Drawn back to Scripture’s story  by such New Testament scholars as N.T. Wright, more and more mainstream Christians (led initially by the emergent movement down this road), have left off these “tired old theologies of abandonment and escape” (thanks again Rob Bell for this phrase), to embrace the biblical doctrine of ‘the renewal of all things’ (Matthew 19:28; Acts 3: 21, Romans 8: 19-25 etc), the call to doing the works of the Kingdom now (Matthew 25: 34ff), and the encouraging promise that none of that will have been in vain (I Corinthians 15:58). We are not oiling the wheels of a car about to go over a cliff.
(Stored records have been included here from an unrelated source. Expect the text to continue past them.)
text \<open>The side information G is user i's own noise row when the cut node is the relay.\<close>
lemma code_cut_bound:
  fixes p :: "('a::finite \<times> 'b::finite \<times> 'c::finite) pmf"
    and q :: "nat \<Rightarrow> 'f::{finite,field} pmf"
    and C :: "('f, 'a, 'b, 'c) mwrc_code"
    and fi :: "'a \<times> 'b \<times> 'c \<Rightarrow> 'u" and gj :: "'a \<times> 'b \<times> 'c \<Rightarrow> 'v" and gk :: "'a \<times> 'b \<times> 'c \<Rightarrow> 'w"
    and m :: nat
  defines "Fs \<equiv> \<lambda>s :: nat \<Rightarrow> 'a \<times> 'b \<times> 'c. map (\<lambda>u. fi (s u)) [0..<m]"
    and "Ts \<equiv> \<lambda>s :: nat \<Rightarrow> 'a \<times> 'b \<times> 'c. (map (\<lambda>u. gj (s u)) [0..<m], map (\<lambda>u. gk (s u)) [0..<m])"
  assumes inj: "\<And>x y. fi x = fi y \<Longrightarrow> gj x = gj y \<Longrightarrow> gk x = gk y \<Longrightarrow> x = y"
    and i: "i \<in> {1, 2, 3}" and d: "d = 0 \<or> d = i"
    and P0: "P0 = pair_pmf (source_block p m) (noise_block q n)"
    and run: "runw = (\<lambda>\<omega>. mwrc_run C (map (\<lambda>u. fst (fst \<omega> u)) [0..<m]) (map (\<lambda>u. fst (snd (fst \<omega> u))) [0..<m])
                       (map (\<lambda>u. snd (snd (fst \<omega> u))) [0..<m]) (snd \<omega>) n)"
  shows "H_rv P0 (\<lambda>\<omega>. (Fs (fst \<omega>), Ts (fst \<omega>))) - H_rv P0 (\<lambda>\<omega>. Fs (fst \<omega>))
         \<le> real n * (log 2 CARD('f) - entropy (q d))
           + (H_rv P0 (\<lambda>\<omega>. ((Fs (fst \<omega>), received i (runw \<omega>)), Ts (fst \<omega>)))
              - H_rv P0 (\<lambda>\<omega>. (Fs (fst \<omega>), received i (runw \<omega>))))"
proof -
  define Gz where "Gz = (\<lambda>z :: nat \<times> nat \<Rightarrow> 'f. if d = 0 then row n i z else [])"
  have fin: "finite (set_pmf P0)" unfolding P0 by (rule fin_code_space)
  have d4: "d < 4" using d i by auto
  txt \<open>Own and wanted message lists together determine all three message lists.\<close>
  have same_run: "runw \<omega>' = mwrc_run C (map (\<lambda>u. fst (fst \<omega> u)) [0..<m])
                    (map (\<lambda>u. fst (snd (fst \<omega> u))) [0..<m]) (map (\<lambda>u. snd (snd (fst \<omega> u))) [0..<m]) (snd \<omega>') n"
    if "Fs (fst \<omega>) = Fs (fst \<omega>')" "Ts (fst \<omega>) = Ts (fst \<omega>')" for \<omega> \<omega>'
  proof -
    have "\<forall>u<m. fst \<omega> u = fst \<omega>' u" using that inj unfolding Fs_def Ts_def map_upt_eq by auto
    then have msg: "map (\<lambda>u. h (fst \<omega>' u)) [0..<m] = map (\<lambda>u. h (fst \<omega> u)) [0..<m]"
      for h :: "'a \<times> 'b \<times> 'c \<Rightarrow> 'x"
      by (simp add: map_upt_eq)
    show ?thesis
      unfolding run by (simp only: msg[of fst] msg[of "\<lambda>w. fst (snd w)"] msg[of "\<lambda>w. snd (snd w)"])
  qed
  have indep_W_G: "H_rv P0 (\<lambda>\<omega>. (Fs (fst \<omega>), Gz (snd \<omega>))) = H_rv P0 (\<lambda>\<omega>. Fs (fst \<omega>)) + H_rv P0 (\<lambda>\<omega>. Gz (snd \<omega>))"
    unfolding P0 H_rv_pair_indep[OF fin_src fin_noise] H_rv_fst H_rv_snd ..
  have indep_WT_G: "H_rv P0 (\<lambda>\<omega>. ((Fs (fst \<omega>), Ts (fst \<omega>)), Gz (snd \<omega>)))
      = H_rv P0 (\<lambda>\<omega>. (Fs (fst \<omega>), Ts (fst \<omega>))) + H_rv P0 (\<lambda>\<omega>. Gz (snd \<omega>))"
    using H_rv_pair_indep[where F="\<lambda>s. (Fs s, Ts s)" and H=Gz, OF fin_src fin_noise]
    unfolding P0 H_rv_fst[of _ _ "\<lambda>s. (Fs s, Ts s)"] H_rv_snd by simp
  have capacity: "H_rv P0 (\<lambda>\<omega>. received d (runw \<omega>)) \<le> real n * log 2 CARD('f)"
    using fin by (rule H_rv_lists_le) (simp add: run received_length)
  have G_of_R: "Gz (snd \<omega>) = Gz (snd \<omega>')" if "rest d (snd \<omega>) = rest d (snd \<omega>')" for \<omega> \<omega>'
  proof (cases "d = 0")
    case True
    have "snd \<omega> (i, t) = snd \<omega>' (i, t)" for t
      using fun_cong[OF that, of "(i, t)"] True i by (auto simp: rest_def)
    then show ?thesis using True by (simp add: Gz_def row_def)
  qed (simp add: Gz_def)
  have noise_recoverable:
    "received d (runw \<omega>) = received d (runw \<omega>') \<longleftrightarrow> row n d (snd \<omega>) = row n d (snd \<omega>')"
    if "\<omega> \<in> set_pmf P0" "\<omega>' \<in> set_pmf P0" "Fs (fst \<omega>) = Fs (fst \<omega>')" "Ts (fst \<omega>) = Ts (fst \<omega>')"
      "rest d (snd \<omega>) = rest d (snd \<omega>')" for \<omega> \<omega>'
    unfolding same_run[OF that(3,4)] using that(1,2) unfolding run P0
    by (intro received_iff_row[OF d4 _ _ that(5)]) auto
  have indep_N: "H_rv P0 (\<lambda>\<omega>. (((Fs (fst \<omega>), Ts (fst \<omega>)), rest d (snd \<omega>)), row n d (snd \<omega>)))
      = H_rv P0 (\<lambda>\<omega>. ((Fs (fst \<omega>), Ts (fst \<omega>)), rest d (snd \<omega>))) + H_rv P0 (\<lambda>\<omega>. row n d (snd \<omega>))"
    unfolding P0 by (rule H_rv_indep_extend[where F = "\<lambda>s. (Fs s, Ts s)", OF fin_src fin_noise noise_indep[OF d4]])
  have Yi_of_Ys_G: "received i (runw \<omega>) = received i (runw \<omega>')"
    if "received d (runw \<omega>) = received d (runw \<omega>')" "Gz (snd \<omega>) = Gz (snd \<omega>')" for \<omega> \<omega>'
  proof (cases "d = 0")
    case True
    then show ?thesis using that received_user_determined[OF i] unfolding run by (simp add: Gz_def)
  next
    case False
    then show ?thesis using that d by simp
  qed
  have "H_rv P0 (\<lambda>\<omega>. (Fs (fst \<omega>), Ts (fst \<omega>))) - H_rv P0 (\<lambda>\<omega>. Fs (fst \<omega>))
        \<le> real n * log 2 CARD('f) - H_rv P0 (\<lambda>\<omega>. row n d (snd \<omega>))
          + (H_rv P0 (\<lambda>\<omega>. ((Fs (fst \<omega>), received i (runw \<omega>)), Ts (fst \<omega>)))
             - H_rv P0 (\<lambda>\<omega>. (Fs (fst \<omega>), received i (runw \<omega>))))"
    by (rule cut_set_inequality[OF fin indep_W_G indep_WT_G capacity G_of_R noise_recoverable indep_N
                                   Yi_of_Ys_G])
  moreover have "H_rv P0 (\<lambda>\<omega>. row n d (snd \<omega>)) = real n * entropy (q d)"
    unfolding P0 H_rv_snd by (rule row_entropy[OF d4])
  moreover have "real n * (log 2 CARD('f) - entropy (q d)) = real n * log 2 CARD('f) - real n * entropy (q d)"
    by (simp add: right_diff_distrib)
  ultimately show ?thesis by linarith
qed

lemma user_bound:
  fixes p :: "('a::finite \<times> 'b::finite \<times> 'c::finite) pmf"
    and q :: "nat \<Rightarrow> 'f::{finite,field} pmf"
    and C :: "('f, 'a, 'b, 'c) mwrc_code"
    and fi :: "'a \<times> 'b \<times> 'c \<Rightarrow> 'u::finite" and gj :: "'a \<times> 'b \<times> 'c \<Rightarrow> 'v::finite"
    and gk :: "'a \<times> 'b \<times> 'c \<Rightarrow> 'w::finite"
    and dec :: "'f list \<Rightarrow> 'u list \<Rightarrow> 'v list \<times> 'w list"
  assumes inj: "\<And>x y. fi x = fi y \<Longrightarrow> gj x = gj y \<Longrightarrow> gk x = gk y \<Longrightarrow> x = y"
    and i: "i \<in> {1, 2, 3}" and d: "d = 0 \<or> d = i"
    and P0: "P0 = pair_pmf (source_block p m) (noise_block q n)"
    and run: "runw = (\<lambda>\<omega>. mwrc_run C (map (\<lambda>u. fst (fst \<omega> u)) [0..<m]) (map (\<lambda>u. fst (snd (fst \<omega> u))) [0..<m])
                       (map (\<lambda>u. snd (snd (fst \<omega> u))) [0..<m]) (snd \<omega>) n)"
    and e: "e = (\<Sum>\<omega>\<in>{\<omega>\<in>set_pmf P0. dec (received i (runw \<omega>)) (map (\<lambda>u. fi (fst \<omega> u)) [0..<m])
                   \<noteq> (map (\<lambda>u. gj (fst \<omega> u)) [0..<m], map (\<lambda>u. gk (fst \<omega> u)) [0..<m])}. pmf P0 \<omega>)"
  shows "real m * cond_entropy p (\<lambda>w. (gj w, gk w)) fi
         \<le> real n * (log 2 CARD('f) - entropy (q d))
           + (- (1 - e) * log 2 (1 - e) - e * log 2 e + e * log 2 (real (CARD('v) ^ m * CARD('w) ^ m)))"
proof -
  define Fs where "Fs = (\<lambda>s :: nat \<Rightarrow> 'a \<times> 'b \<times> 'c. map (\<lambda>u. fi (s u)) [0..<m])"
  define Ts where "Ts = (\<lambda>s :: nat \<Rightarrow> 'a \<times> 'b \<times> 'c. (map (\<lambda>u. gj (s u)) [0..<m], map (\<lambda>u. gk (s u)) [0..<m]))"
  define B where "B = {xs :: 'v list. set xs \<subseteq> UNIV \<and> length xs = m} \<times> {xs :: 'w list. set xs \<subseteq> UNIV \<and> length xs = m}"
  have fin: "finite (set_pmf P0)" unfolding P0 by (rule fin_code_space)
  have block_entropy: "real m * cond_entropy p (\<lambda>w. (gj w, gk w)) fi
      = H_rv P0 (\<lambda>\<omega>. (Fs (fst \<omega>), Ts (fst \<omega>))) - H_rv P0 (\<lambda>\<omega>. Fs (fst \<omega>))"
  proof -
    have "H_rv P0 (\<lambda>\<omega>. (Fs (fst \<omega>), Ts (fst \<omega>)))
        = H_rv (source_block p m) (\<lambda>s. map (\<lambda>u. (fi (s u), gj (s u), gk (s u))) [0..<m])"
      unfolding P0 H_rv_fst[of _ _ "\<lambda>s. (Fs s, Ts s)"]
      by (rule H_rv_cong[OF fin_src]) (auto simp: Fs_def Ts_def map_upt_eq)
    moreover have "H_rv P0 (\<lambda>\<omega>. Fs (fst \<omega>)) = real m * H_rv p fi"
      unfolding P0 H_rv_fst unfolding Fs_def by (rule src_entropy)
    ultimately show ?thesis
      using cond_entropy_eq_H_rv[of p "\<lambda>w. (gj w, gk w)" fi] src_entropy[of p m "\<lambda>w. (fi w, gj w, gk w)"]
      by (simp add: right_diff_distrib)
  qed
  have cardB: "card B = CARD('v) ^ m * CARD('w) ^ m"
    using card_lists_length_eq[of "UNIV::'v set" m] card_lists_length_eq[of "UNIV::'w set" m]
    unfolding B_def by (simp add: card_cartesian_product)
  have fano_i: "H_rv P0 (\<lambda>\<omega>. ((Fs (fst \<omega>), received i (runw \<omega>)), Ts (fst \<omega>)))
                - H_rv P0 (\<lambda>\<omega>. (Fs (fst \<omega>), received i (runw \<omega>)))
      \<le> - (1 - e) * log 2 (1 - e) - e * log 2 e + e * log 2 (card B)"
  proof (rule fano[OF fin, where g = "\<lambda>(w, y). dec y w"])
    show "finite B" unfolding B_def
      using finite_lists_length_eq[of "UNIV::'v set" m] finite_lists_length_eq[of "UNIV::'w set" m] by simp
    show "(\<lambda>\<omega>. Ts (fst \<omega>)) ` set_pmf P0 \<subseteq> B" by (auto simp: B_def Ts_def)
    show "e = (\<Sum>\<omega>\<in>{\<omega> \<in> set_pmf P0. (case (Fs (fst \<omega>), received i (runw \<omega>)) of (w, y) \<Rightarrow> dec y w)
                \<noteq> Ts (fst \<omega>)}. pmf P0 \<omega>)"
      unfolding e by (simp add: Fs_def Ts_def)
  qed
  show ?thesis
    using code_cut_bound[where fi = fi and gj = gj and gk = gk, OF inj i d P0 run] fano_i[unfolded cardB] block_entropy
    unfolding Fs_def Ts_def by linarith
qed
lemma zolotarev_ideal_law_sum:
  assumes "zolotarev_ideal D" and "is_law \<mu>" "is_law \<nu>" "is_law \<rho>" "is_law \<tau>"
  shows "D (law_sum \<mu> \<rho>) (law_sum \<nu> \<tau>) \<le> D \<mu> \<nu> + D \<rho> \<tau>"
  using assms unfolding zolotarev_ideal_def by blast

lemma zolotarev_ideal_contraction:
  assumes "zolotarev_ideal D" and "is_law \<mu>" "is_law \<nu>" and "\<bar>c\<bar> \<le> 1"
  shows "D (law_scale c \<mu>) (law_scale c \<nu>) \<le> D \<mu> \<nu>"
proof -
  have "D (law_scale c \<mu>) (law_scale c \<nu>) = ennreal \<bar>c\<bar> * D \<mu> \<nu>"
    using assms unfolding zolotarev_ideal_def by blast
  also have "\<dots> \<le> 1 * D \<mu> \<nu>"
    using assms(4) by (intro mult_right_mono) (simp_all add: ennreal_le_1)
  finally show ?thesis by simp
qed
definition continuous_Zk_action ::
  "nat \<Rightarrow> 'a::metric_space set \<Rightarrow> ((nat \<Rightarrow> int) \<Rightarrow> 'a \<Rightarrow> 'a) \<Rightarrow> bool" where
  "continuous_Zk_action k X T \<longleftrightarrow>
     (\<forall>u\<in>Zk k. T u ` X \<subseteq> X \<and> continuous_on X (T u)) \<and>
     (\<forall>x\<in>X. T (\<lambda>_. 0) x = x) \<and>
     (\<forall>u\<in>Zk k. \<forall>v\<in>Zk k. \<forall>x\<in>X. T (\<lambda>i. u i + v i) x = T u (T v x))"

definition dT :: "((nat \<Rightarrow> int) \<Rightarrow> 'a \<Rightarrow> 'a::metric_space) \<Rightarrow> (nat \<Rightarrow> int) set \<Rightarrow> 'a \<Rightarrow> 'a \<Rightarrow> real" where
  "dT T \<Omega> x y = (SUP u\<in>\<Omega>. dist (T u x) (T u y))"

definition cover_order :: "'a set set \<Rightarrow> enat" where
  "cover_order \<U> = Sup {enat n | n. \<exists>F\<subseteq>\<U>. finite F \<and> card F = n + 1 \<and> \<Inter>F \<noteq> {}}"

definition widim :: "real \<Rightarrow> 'a::topological_space set \<Rightarrow> ('a \<Rightarrow> 'a \<Rightarrow> real) \<Rightarrow> enat" where
  "widim \<epsilon> X \<rho> = Inf {cover_order \<U> | \<U>.
      (\<forall>U\<in>\<U>. openin (top_of_set X) U) \<and> \<Union>\<U> = X \<and>
      (\<forall>U\<in>\<U>. \<forall>x\<in>U. \<forall>y\<in>U. \<rho> x y \<le> \<epsilon>)}"

end

theory Submission
  imports Defs
begin

(* By expansivity and compactness there is L such that any two points that stay 2c-close along
   the cube [-L,L]^k are c-close. So points that are 2c-close along [-N,N]^k are automatically
   c-close along the inner cube [-(N-L),N-L]^k, and only the boundary layer B of [-N,N]^k, which
   has O(N^(k-1)) elements, has to be controlled by the cover. Pull a fixed finite cover by m
   c-small open sets back along every u in B and refine all these covers simultaneously; this
   gives an open cover in which every point lies in at most |B| m + 1 sets. On each member of it,
   being c-close along the whole cube is an equivalence relation (two points of a class are
   2c-close, hence c-close), and the classes form the required cover. *)

section \<open>Covers of bounded multiplicity\<close>

definition open_cover_of :: "'a::topological_space set \<Rightarrow> 'a set set \<Rightarrow> bool" where
  "open_cover_of X \<U> \<longleftrightarrow> (\<forall>U\<in>\<U>. openin (top_of_set X) U) \<and> \<Union>\<U> = X"

definition multiplicity_le :: "'a set set \<Rightarrow> nat \<Rightarrow> bool" where
  "multiplicity_le \<U> n \<longleftrightarrow> (\<forall>y. finite {U\<in>\<U>. y \<in> U} \<and> card {U\<in>\<U>. y \<in> U} \<le> n)"

lemma multiplicity_le_subset_image:
  assumes "\<And>y. {U\<in>\<U>. y \<in> U} \<subseteq> g y ` S y" "\<And>y. finite (S y)" "\<And>y. card (S y) \<le> n"
  shows "multiplicity_le \<U> n"
  unfolding multiplicity_le_def
proof
  fix y
  have fin: "finite (g y ` S y)" using assms(2) by simp
  have "card {U\<in>\<U>. y \<in> U} \<le> card (g y ` S y)" by (rule card_mono[OF fin assms(1)])
  also have "\<dots> \<le> card (S y)" by (rule card_image_le[OF assms(2)])
  also have "\<dots> \<le> n" by (rule assms(3))
  finally show "finite {U\<in>\<U>. y \<in> U} \<and> card {U\<in>\<U>. y \<in> U} \<le> n"
    using finite_subset[OF assms(1) fin] by simp
qed

lemma multiplicity_le_card:
  assumes "finite \<U>" "card \<U> \<le> n"
  shows "multiplicity_le \<U> n"
  by (rule multiplicity_le_subset_image[of _ "\<lambda>_. id" "\<lambda>_. \<U>"]) (use assms in auto)

lemma cover_order_le_multiplicity:
  assumes "multiplicity_le \<U> (Suc n)"
  shows "cover_order \<U> \<le> enat n"
  unfolding cover_order_def
proof (rule Sup_least)
  fix e assume "e \<in> {enat n |n. \<exists>F\<subseteq>\<U>. finite F \<and> card F = n + 1 \<and> \<Inter> F \<noteq> {}}"
  then obtain n' F where e: "e = enat n'" and F: "F \<subseteq> \<U>" "card F = n' + 1" "\<Inter> F \<noteq> {}"
    by blast
  then obtain y where "y \<in> \<Inter> F" by blast
  with F(1) have "F \<subseteq> {U\<in>\<U>. y \<in> U}" by blast
  then have "card F \<le> card {U\<in>\<U>. y \<in> U}"
    using assms unfolding multiplicity_le_def by (intro card_mono) auto
  moreover have "card {U\<in>\<U>. y \<in> U} \<le> Suc n" using assms unfolding multiplicity_le_def by blast
  ultimately have "n' \<le> n" using F(2) by linarith
  then show "e \<le> enat n" using e by simp
qed
lemma CH_countable_initial_segments:
  assumes "CH"
  obtains r :: "real \<Rightarrow> real \<Rightarrow> bool"
  where "wf {(x, y). r x y}" "\<And>x y z. r x y \<Longrightarrow> r y z \<Longrightarrow> r x z"
    "\<And>x y. x \<noteq> y \<Longrightarrow> r x y \<or> r y x" "\<And>x. countable {y. r y x}"
proof
  \<comment> \<open>Proper initial segments of the cardinal well-order of \<open>\<real>\<close> are of smaller cardinality.\<close>
  let ?r = "card_of (UNIV :: real set)"
  define r where "r x y \<longleftrightarrow> (x, y) \<in> ?r \<and> x \<noteq> y" for x y
  have wo: "well_order_on UNIV ?r"
    using card_of_Well_order Field_card_of by metis
  moreover have "{(x, y). r x y} = ?r - Id"
    by (auto simp: r_def)
  ultimately show "wf {(x, y). r x y}"
    by (simp add: well_order_on_def)
  show "r x z" if "r x y" "r y z" for x y z
    using wo that unfolding r_def well_order_on_def linear_order_on_def partial_order_on_def
      preorder_on_def by (metis antisymD transD)
  show "r x y \<or> r y x" if "x \<noteq> y" for x y
    using wo that unfolding r_def well_order_on_def linear_order_on_def total_on_def by blast
  show "countable {y. r y x}" for x
  proof (rule ccontr)
    assume "uncountable {y. r y x}"
    then have "ordIso2 (card_of {y. r y x}) ?r"
      using assms by (simp add: CH_def eqpoll_iff_card_of_ordIso)
    moreover have "{y. r y x} = underS ?r x"
      by (auto simp: r_def underS_def)
    moreover have "ordLess2 (card_of (underS ?r x)) ?r"
      by (rule card_of_underS[OF card_of_Card_order]) (simp add: Field_card_of)
    ultimately show False
      using not_ordLess_ordIso by metis
  qed
qed

lemma thin_sets_enumeration:
  obtains K :: "real \<Rightarrow> (real \<times> real) set" where "range K = {C. thin C}"
proof -
  have "{C. thin C} \<lesssim> (UNIV :: real set)"
    using subset_imp_lepoll closed_sets_lepoll_reals by (rule lepoll_trans)
      (auto simp: thin_def compact_imp_closed)
  moreover have "{C. thin C} \<noteq> {}"
    using thin_empty by blast
  ultimately show ?thesis
    using that by (rule lepoll_reals_imp_range)
qed

lemma embeddings_open_vectors_lepoll_reals:
  "embeddings \<times> {U :: real set. open U \<and> U \<noteq> {}} \<times> (UNIV :: (real \<times> real) set) \<lesssim> (UNIV :: real set)"
proof -
  have R2: "(UNIV :: real set) \<times> (UNIV :: real set) \<lesssim> (UNIV :: real set)"
    using reals_times_reals_eqpoll by (rule eqpoll_imp_lepoll)
  have "{U :: real set. open U \<and> U \<noteq> {}} \<lesssim> (UNIV :: real set)"
    using subset_imp_lepoll open_sets_lepoll_reals by (rule lepoll_trans) auto
  then have "{U :: real set. open U \<and> U \<noteq> {}} \<times> ((UNIV :: real set) \<times> (UNIV :: real set))
      \<lesssim> (UNIV :: real set) \<times> (UNIV :: real set)"
    using R2 by (rule times_lepoll_mono)
  then have "{U :: real set. open U \<and> U \<noteq> {}} \<times> ((UNIV :: real set) \<times> (UNIV :: real set))
      \<lesssim> (UNIV :: real set)"
    using R2 by (rule lepoll_trans)
  with embeddings_lepoll_reals
  have "embeddings \<times> {U :: real set. open U \<and> U \<noteq> {}} \<times> ((UNIV :: real set) \<times> (UNIV :: real set))
      \<lesssim> (UNIV :: real set) \<times> (UNIV :: real set)"
    by (rule times_lepoll_mono)
  then show ?thesis
    using R2 unfolding UNIV_Times_UNIV by (rule lepoll_trans)
qed

section \<open>The transfinite construction\<close>

text \<open>Stage \<open>a\<close> serves the task \<open>(E a, W a, V a)\<close> while avoiding the thin sets \<open>K b\<close> with \<open>b \<unlhd> a\<close>.\<close>

locale hamel_luzin_construction =
  fixes prec :: "real \<Rightarrow> real \<Rightarrow> bool" (infix \<open>\<lhd>\<close> 50)
    and K :: "real \<Rightarrow> (real \<times> real) set"
    and E :: "real \<Rightarrow> real \<Rightarrow> real \<times> real"
    and W :: "real \<Rightarrow> real set"
    and V :: "real \<Rightarrow> real \<times> real"
  assumes wf_prec: "wf {(x, y). x \<lhd> y}"
    and prec_trans: "x \<lhd> y \<Longrightarrow> y \<lhd> z \<Longrightarrow> x \<lhd> z"
    and prec_linear: "x \<noteq> y \<Longrightarrow> x \<lhd> y \<or> y \<lhd> x"
    and countable_initial_segment: "countable {y. y \<lhd> x}"
    and thin_K: "thin (K a)"
    and thin_in_range_K: "thin C \<Longrightarrow> C \<in> range K"
    and E_embedding: "E a \<in> embeddings"
    and open_W: "open (W a)"
    and W_nonempty: "W a \<noteq> {}"
    and uncountable_tasks:
      "h \<in> embeddings \<Longrightarrow> open U \<Longrightarrow> U \<noteq> {} \<Longrightarrow> uncountable {a. E a = h \<and> W a = U \<and> V a = v}"
begin

definition admissible :: "real \<Rightarrow> (real \<times> real) set \<Rightarrow> (real \<times> real) set \<Rightarrow> bool" where
  "admissible a A P \<longleftrightarrow> finite P \<and> \<not> Q.dependent (A \<union> P) \<and> P \<inter> \<Union>(K ` {b. b \<lhd> a \<or> b = a}) = {}
     \<and> V a \<in> Q.span (A \<union> P) \<and> (\<exists>t\<in>W a. E a t \<in> P - A)"

definition stage :: "real \<Rightarrow> (real \<times> real) set" where
  "stage = wfrec {(x, y). x \<lhd> y} (\<lambda>f a. SOME P. admissible a (\<Union>b\<in>{b. b \<lhd> a}. f b) P)"

definition before :: "real \<Rightarrow> (real \<times> real) set" where
  "before a = (\<Union>b\<in>{b. b \<lhd> a}. stage b)"

definition basis :: "(real \<times> real) set" where
  "basis = (\<Union>a. stage a)"

lemma stage_eq: "stage a = (SOME P. admissible a (before a) P)"
proof -
  have "stage a = (SOME P. admissible a (\<Union>b\<in>{b. b \<lhd> a}. cut stage {(x, y). x \<lhd> y} a b) P)"
    unfolding stage_def by (subst wfrec[OF wf_prec]) simp
  also have "(\<Union>b\<in>{b. b \<lhd> a}. cut stage {(x, y). x \<lhd> y} a b) = before a"
    unfolding before_def by (auto simp: cut_apply)
  finally show ?thesis .
qed

lemma before_stage_subset: "a \<lhd> b \<Longrightarrow> before a \<union> stage a \<subseteq> before b"
  unfolding before_def using prec_trans by blast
In fact, the Bible’s story ends with us here on earth, not far away in heaven. Heaven, it turns out, is vacation in between death and resurrection. Not our final home.

This is a dramatic theological shift: Postmodern Christians don’t see earth as a temporary and unfortunate part of God’s plan. With the early Christians, they don’t understand the Scriptures to say God is planning on tossing the earth in a scrap heap while we all jet off to some spiritual / non-physical heaven. They read in the Scriptures of God redeeming and restoring His good creation on the Day of the Lord and a resurrected life here on earth in the Age to Come.

a now-oriented salvation, Part One

When I read 50 of the primary works by emergent authors a few years ago I noticed a growing sense of responding to the call of Jesus to follow Him because of what that following means for life here and now on earth for myself and the world around me, not simply because by doing so I can make it to heaven when I die. Emphasizing the need for salvation around the afterlife has created, in the modern church, far too many people taking on Christian faith as just another expression of selfish, me-oriented, consumeristic society – what THEY’LL get out of it. (And we wonder why there are so many immature Christians in our churches?)

A common trend running through emerging/Emergent/postmodern Christianity is the conviction that the Gospel is not merely a set of beliefs to get you to heaven when you die. Rather, it is an invitation to a new way of life right now, a call to participate in God’s new community here on earth, and a conviction that salvation, in the Biblical sense, is about a lot more than what happens after your funeral. This isn’t to suggest that the modern church was only ever concerned about getting to heaven, but most postmoderns feel that much of the modern church focused so much on after-death soteriology, that it drowned out most of the rest of the message of Jesus, and fostered a Left Behind view of abandonment of the world.

Nazarene pastor Dana Hicks has written: “Focusing evangelism on what happens to us after we die tends to create disciples who are not concerned with either whom they are becoming or the kind of world they will leave behind. Of course, we may die tonight. But it is much more likely that we will live a while longer – a decade or two or three or more. What happens in the meantime? Will we live an abundant life? What kind of legacy will we leave behind?”(Dana Hicks, Postmodern and Wesleyan, 77). Instead of the question regarding God letting you into heaven if you died tonight, Dana  finds the following two questions to be more helpful in speaking to people about Christ,

1”If you knew you were going to live another forty years, what kind of person would you want to  become?”

2. “If you could know what God is doing in the world, would you want to be part of it?”